SECTION D: REVIEW

Scholarly Teaching - The idea revisited, progress and achievements reviewed, plans for future study laid.

This is an abbreviated version of Module 1. The full version can be downloaded by clicking HERE.

 

 

 

Aims 1:
  • To revisit the Scholarly Teaching definition, together with its conceptual relationship to teaching, learning , scholarship and reflective practice.
  • To reflect upon your own teaching, things you have done in direct response to studying this module, and to take particular stock of how much was achieved through that, and how much remains to be achieved across the full range of your teaching duties.
Topic 1 Activity:

Revisiting the definition:

  • Why and how can teaching be scholarly?
  • From any of the remaining readings choose for yourself a key section that you found particularly influential in clarifying any of the key ideas studied during this course.
  • Identify things you now think you ought to read about further, or study more deeply, or check against the literature or against your colleague's or supervisor's opinions, because you're really still not content that you've got the grasp of them that you ought to have.
  • Identify ways of applying, trying out or testing the ideas contained in these modules within your own future teaching.
Topic 2 Activity:

From your own teaching diary or portfolio notes written over the period of this study course, select a substantial instance or episode from your own teaching that you would be willing to put forward as your (so far) "best example of implementing a scholarly approach to teaching as a result of studying the course".

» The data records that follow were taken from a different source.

(* Let $G$ be a group with a non-elementary action by isometries on a geodesic $\delta$-hyperbolic space $X$, and let $o\in X$ be a base point. For any $0<\epsilon<1$ there exists $C$ such that for any $D$ there is a finite set $S\subseteq G$ of loxodromic elements which is $(\epsilon,C,D)$-Schottky and moreover: (1) the sets $V_C(s^+)$ for distinct $s\in S$ are pairwise disjoint; (2) $so\in V_{C+\delta}(s^+)$ for each $s\in S$.
   Context: Gromov product $(x,y)_z=\frac12(d(x,z)+d(y,z)-d(x,y))$, extended to a boundary point $\xi\in\partial X$ in the standard way via sequences converging to $\xi$. An element $g$ is loxodromic if $\lim_n d(g^no,o)/n>0$; then $g^+\in\partial X$ denotes its attracting fixed point, and $V_C(g^+)=\{x\in X:(x,g^+)_o\ge C\}$. The action is non-elementary if $G$ contains two loxodromic elements with disjoint fixed sets in $\partial X$. A finite set $S$ is $(\epsilon,C,D)$-Schottky if for all $x,y\in X$, $\#\{s\in S:(x,sy)_o\le C\}\ge(1-\epsilon)\#S$ and $\#\{s\in S:(x,s^{-1}y)_o\le C\}\ge(1-\epsilon)\#S$, and $d(o,so)\ge D$ for all $s\in S$. *)

theory Defs
  imports "HOL-Analysis.Analysis" "HOL-Algebra.Group"
begin
definition category :: "('o, 'm) category_data \<Rightarrow> bool" where
  "category C \<longleftrightarrow>
     (\<forall>f\<in>Mor C. Dom C f \<in> Ob C \<and> Cod C f \<in> Ob C) \<and>
     (\<forall>a\<in>Ob C. Id C a \<in> Mor C \<and> Dom C (Id C a) = a \<and> Cod C (Id C a) = a) \<and>
     (\<forall>f\<in>Mor C. \<forall>g\<in>Mor C. Cod C f = Dom C g \<longrightarrow>
         Comp C g f \<in> Mor C \<and> Dom C (Comp C g f) = Dom C f \<and> Cod C (Comp C g f) = Cod C g) \<and>
     (\<forall>f\<in>Mor C. Comp C (Id C (Cod C f)) f = f \<and> Comp C f (Id C (Dom C f)) = f) \<and>
     (\<forall>f\<in>Mor C. \<forall>g\<in>Mor C. \<forall>h\<in>Mor C. Cod C f = Dom C g \<longrightarrow> Cod C g = Dom C h \<longrightarrow>
         Comp C h (Comp C g f) = Comp C (Comp C h g) f)"

definition is_identity :: "('o, 'm) category_data \<Rightarrow> 'm \<Rightarrow> bool" where
  "is_identity C g \<longleftrightarrow> (\<exists>a\<in>Ob C. g = Id C a)"

text \<open>A tuple \<open>(f\<^sub>1,\<dots>,f\<^sub>n)\<close> is represented by the list \<open>[f\<^sub>1,\<dots>,f\<^sub>n]\<close>;
  \<open>comp_list C [f\<^sub>1,\<dots>,f\<^sub>n] = f\<^sub>n \<cdots> f\<^sub>1\<close>.\<close>

fun comp_list :: "('o, 'm) category_data \<Rightarrow> 'm list \<Rightarrow> 'm" where
  "comp_list C [] = undefined"
| "comp_list C [f] = f"
| "comp_list C (f # fs) = Comp C (comp_list C fs) f"

definition composable :: "('o, 'm) category_data \<Rightarrow> 'm list \<Rightarrow> bool" where
  "composable C fs \<longleftrightarrow> set fs \<subseteq> Mor C \<and>
     (\<forall>i. Suc i < length fs \<longrightarrow> Cod C (fs ! i) = Dom C (fs ! Suc i))"

definition D :: "('o, 'm) category_data \<Rightarrow> nat \<Rightarrow> 'm \<Rightarrow> 'm list set" where
  "D C n f = {fs. n \<ge> 1 \<and> length fs = n \<and> composable C fs \<and> comp_list C fs = f}"

definition PD :: "('o, 'm) category_data \<Rightarrow> nat \<Rightarrow> 'm \<Rightarrow> 'm list set" where
  "PD C n f = (if n = 1 then {[f]}
               else {fs \<in> D C n f. n \<ge> 2 \<and> (\<forall>g\<in>set fs. \<not> is_identity C g)})"

definition PD_all :: "('o, 'm) category_data \<Rightarrow> 'm \<Rightarrow> 'm list set" where
  "PD_all C f = (\<Union>n\<in>{1..}. PD C n f)"

definition moebius :: "('o, 'm) category_data \<Rightarrow> bool" where
  "moebius C \<longleftrightarrow> (\<forall>f\<in>Mor C. finite (PD_all C f))"

end

theory Submission
  imports Defs
begin

(* Decompositions are lists; a "proper chain" is a nonempty composable list
   without identities, and every proper chain is a proper decomposition of its
   composite, so in a Moebius category the proper chains with a given
   composite have bounded length.
   Necessity: a proper chain ls that is absorbed by a proper chain ps
   (comp ls . comp ps = comp ps, or dually) can be repeated arbitrarily often,
   producing arbitrarily long proper chains with the same composite.  Both
   (2) and (3) yield such absorbed loops.
   Sufficiency: by (2) composites of proper chains are never identities, so
   cutting a proper n-decomposition of f at positions 1..n-1 gives elements of
   PD_2 f, pairwise distinct by (3); hence n <= card (PD_2 f) + 1.  Each PD_n f
   is finite by induction on n (split off the first factor), so PD f is a
   finite union of finite sets. *)

lemma cat_comp:
  assumes "category C" "f \<in> Mor C" "g \<in> Mor C" "Cod C f = Dom C g"
  shows "Comp C g f \<in> Mor C \<and> Dom C (Comp C g f) = Dom C f \<and> Cod C (Comp C g f) = Cod C g"
  using assms unfolding category_def by blast

lemma cat_assoc:
  assumes "category C" "f \<in> Mor C" "g \<in> Mor C" "h \<in> Mor C"
    "Cod C f = Dom C g" "Cod C g = Dom C h"
  shows "Comp C h (Comp C g f) = Comp C (Comp C h g) f"
  using assms unfolding category_def by blast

Prepare, in outline form, a list of the points you would want to make if you were describing and defending this episode to colleagues in your own department as being an instance of your own "scholarly teaching work". The points should cover (as appropriate):

  • what your teaching aims were for this episode of scholarly teaching
  • what methods you chose and why
  • what learning outcomes you believe may have followed from your work
  • what evaluative action you took, and what it revealed
  • what subsequent reflection on the episode revealed to you
  • on which criteria (from those considered in Topic #1 above) you regard the episode as a movement, for you, in the direction of Scholarly Teaching
  • any particular connections with the literature you have been reading, that provide the scholarly knowledge background against which you make these claims.